Pénuries de matières premières et goulets d'étranglement logistiques ont fait de 2021 une année difficile pour les entreprises suisses, et ont contribué à une révision à la baisse des prévisions de croissance pour l'année prochaine. 

Si la marque suisse de skis Stöckli est l’une des meilleures au monde, c’est en partie grâce à son ingrédient secret, une colle spéciale composée de matières premières importées d’Angleterre et du Japon.

La poudre japonaise est si essentielle à la production que l’entreprise primée s’est toujours assurée d’en disposer d’un stock suffisant pour affronter toutes les tempêtes ou presque. Alors, quand la pandémie de Covid-19 et la crise de la chaîne d’approvisionnement mondiale ont frappé, Stöckli était bien préparé. 

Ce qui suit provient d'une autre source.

lemma CD_index_p2_without_T:
  assumes nA: "card (carrier G) = p^2 * card A" and Z: "p^4 * card (grp_center G) < card (carrier G)"
    and noT: "\<not> (\<exists>T. subgroup T G \<and> card (carrier G) = p * card T \<and>
                    card (carrier G) = p^3 * card (sub_center G T))"
  shows "CD G = {A}"
proof -
  have self_centralizing: "centralizer G H = H \<and> card H = card A" if H: "H \<in> CD G" for H
  proof -
    have Hs: "subgroup H G" and cl: "centralizer G (centralizer G H) = H"
      using H unfolding mem_CD_iff by auto
    from CD_index_p2_large_cases[OF nA Z H] show ?thesis
    proof (elim disjE conjE)
      assume "H \<subset> centralizer G H" "p * card (centralizer G H) = card (carrier G)"
        "p^2 * card H = card (centralizer G H)"
      from index_p_center_p3_centralizer[OF Hs cl this] noT show ?thesis by blast
    next
      assume "centralizer G H \<subset> H" "p * card H = card (carrier G)"
        "p^2 * card (centralizer G H) = card H"
      from index_p_center_p3_self[OF Hs this] Hs noT show ?thesis by blast
    qed auto
  qed
  have A: "A \<in> CD G"
    using in_CD_if_cd_max_le[OF A_subgroup] cd_max_index_p2[OF nA less_imp_le[OF Z]] cd_measure_A
    by simp
  have "H = A" if H: "H \<in> CD G" for H
  proof -
    have "card (H \<inter> A) = card A" using self_centralizing[OF CD_Int[OF H A]] by blast
    then have "A \<subseteq> H" using card_subset_eq[OF finite_subgroup[OF A_subgroup], of "H \<inter> A"] by blast
    moreover have "finite H" "card H = card A"
      using H self_centralizing[OF H] finite_subgroup unfolding mem_CD_iff by auto
    ultimately show "H = A" using card_subset_eq by metis
  qed
  with A show ?thesis by blast
qed

context
  fixes T :: "'a set"
  assumes nA: "card (carrier G) = p^2 * card A"
    and Z: "p^4 * card (grp_center G) < card (carrier G)"
    and T: "subgroup T G" and cT: "card (carrier G) = p * card T"
    and cY: "card (carrier G) = p^3 * card (sub_center G T)"
begin

lemma T_in_CD: "T \<in> CD G"
  using index_p_center_p3_in_CD(1)[OF nA less_imp_le[OF Z] T cT cY] .

lemma sub_center_T_in_CD: "sub_center G T \<in> CD G"
  using index_p_center_p3_in_CD(2)[OF nA less_imp_le[OF Z] T cT cY] .

lemma card_T_sub_center: "card T = p^2 * card (sub_center G T)"
proof -
  have "p * card T = card (carrier G)" using cT by simp
  also have "\<dots> = p * (p^2 * card (sub_center G T))"
    using cY by (simp add: power2_eq_square power3_eq_cube mult.assoc)
  finally show ?thesis using p_pos by simp
qed

lemma card_A_sub_center: "card A = p * card (sub_center G T)"
proof -
  have "p^2 * card A = card (carrier G)" using nA by simp
  also have "\<dots> = p^2 * (p * card (sub_center G T))"
    using cY by (simp add: power2_eq_square power3_eq_cube mult.assoc)
  finally show ?thesis using p_pos by simp
qed

lemma card_sub_center_T_pos: "0 < card (sub_center G T)"
  using card_subgroup_pos[OF subgroup_Int_centralizer[OF T]] sub_center_eq[OF subgroup.subset[OF T]]
  by simp

lemma centralizer_T: "centralizer G T = sub_center G T"
proof -
  let ?y = "card (sub_center G T)"
  from CD_index_p2_large_cases[OF nA Z T_in_CD] show ?thesis
  proof (elim disjE conjE)
    assume "card T = card A"
    moreover have "card T = p * card A"
      using card_T_sub_center card_A_sub_center by (simp add: power2_eq_square)
    ultimately show ?thesis using card_A_pos two_le_p by simp
  next
    assume "T \<subset> centralizer G T" "p * card (centralizer G T) = card (carrier G)"
    have "card T < card (centralizer G T)"
      using psubset_card_mono[OF finite_centralizer \<open>T \<subset> centralizer G T\<close>] .
    moreover have "card (centralizer G T) = card T"
      using \<open>p * card (centralizer G T) = card (carrier G)\<close> cT p_pos by simp
    ultimately show ?thesis by simp
  next
    assume "centralizer G T \<subset> T"
    then show ?thesis using sub_center_eq[OF subgroup.subset[OF T]] by auto
  qed
qed

lemma centralizer_sub_center_T: "centralizer G (sub_center G T) = T"
  using CD_centralizer_centralizer[OF T_in_CD] centralizer_T by simp

lemma grp_center_subset_sub_center_T: "grp_center G \<subseteq> sub_center G T"
  using grp_center_subset_centralizer[OF subgroup.subset[OF T]] centralizer_T by simp

lemma Int_index_p_member_self_centralizing:
  assumes T': "T' \<in> CD G" and cT': "card T' = card T" and "T' \<noteq> T"
  shows "centralizer G (T \<inter> T') = T \<inter> T' \<and> card (T \<inter> T') = card A"
proof -
  let ?I = "T \<inter> T'" and ?n = "card (carrier G)"
  have IC: "?I \<in> CD G" using CD_Int[OF T_in_CD T'] .
  have T's: "subgroup T' G" using T' unfolding CD_def by blast
  have I: "0 < card ?I" using card_subgroup_pos subgroups_Inter_pair[OF T T's] by blast
  have "\<not> T \<subseteq> T'" using card_subset_eq[OF finite_subgroup[OF T's]] cT' \<open>T' \<noteq> T\<close> by metis
  then have I_lt: "card ?I < card T" using psubset_card_mono[OF finite_subgroup[OF T]] by blast
  have "card T * card T \<le> card (T <#> T') * card ?I"
    using card_mult_Int_ge[OF finite_carrier T T's] cT' by simp
  also have "\<dots> \<le> ?n * card ?I"
    using card_mono[OF finite_carrier set_mult_subset_subgroup[OF subgroup_self]]
      subgroup.subset[OF T] subgroup.subset[OF T's] by simp
  finally have "card T * card T \<le> card T * (p * card ?I)" using cT by (simp add: algebra_simps)
  then have T_le: "card T \<le> p * card ?I" using card_subgroup_pos[OF T] by simp
  from CD_index_p2_large_cases[OF nA Z IC] show ?thesis
  proof (elim disjE conjE)
    assume C: "p * card (centralizer G ?I) = ?n" "p^2 * card ?I = card (centralizer G ?I)"
    have "p * (p * (p * card ?I)) = p * card (centralizer G ?I)"
      using C(2) by (simp add: power2_eq_square mult.assoc)
    also have "\<dots> = p * card T" using C(1) cT by simp
    finally have "p * (p * card ?I) = card T" using p_pos by simp
    then have "p * (p * card ?I) \<le> 1 * (p * card ?I)" using T_le by simp
    then have "p \<le> 1" using p_pos I by (metis mult_le_cancel2 nat_0_less_mult_iff)
    with two_le_p show ?thesis by simp
  next
    assume "p * card ?I = ?n"
    with cT I_lt p_pos show ?thesis by simp
  qed auto
qed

Mais la société helvétique n’aurait pas pensé devoir faire des pieds et des mains pour se procurer toutes les autres matières premières entrant dans la fabrication d’une paire de skis – des noyaux de bois à l’acier utilisé pour les pointes. «Nous croyions que ce serait un sprint, mais ç’a été un marathon», déclare Christoph Fuchs, responsable de la fabrication chez Stöckli Swiss Sports AG.

L’entreprise, qui fabrique des skis depuis 1935, compte parmi ses clients l’étoile montante Marco Odermatt, actuellement en tête de la Coupe du monde de ski alpin 2021 chez les hommes. «Chaque fois que nous résolvions un problème, le suivant survenait, puis un autre», raconte Christoph Fuchs. 

Stöckli compte parmi les centaines d’entreprises suisses touchées par la perturbation de la chaîne d’approvisionnement mondiale, causée par la pandémie de Covid-19 et le blocage du canal de Suez en mars par le porte-conteneurs Ever Given. Les conséquences sur l’économie suisse ont été révélées le 9 décembre, lorsque les prévisions de croissance pour 2022 ont été abaissées de 3,4% à 3%.

Le Secrétariat d’État à l’économie (SECO) explique cette révision à la baisse par les incertitudes autour du Covid et les «goulets d’étranglement qui touchent les chaînes d’approvisionnement et les capacités de transport à l’échelle mondiale». Ces facteurs «pénalisent le secteur industriel et provoquent de fortes hausses de prix» à l’échelle mondiale. En raison justement de l’augmentation des prix de l’énergie et des matériaux, l’inflation devrait grimper à 1,1%, contre 0,8% escompté trois mois plus tôt. 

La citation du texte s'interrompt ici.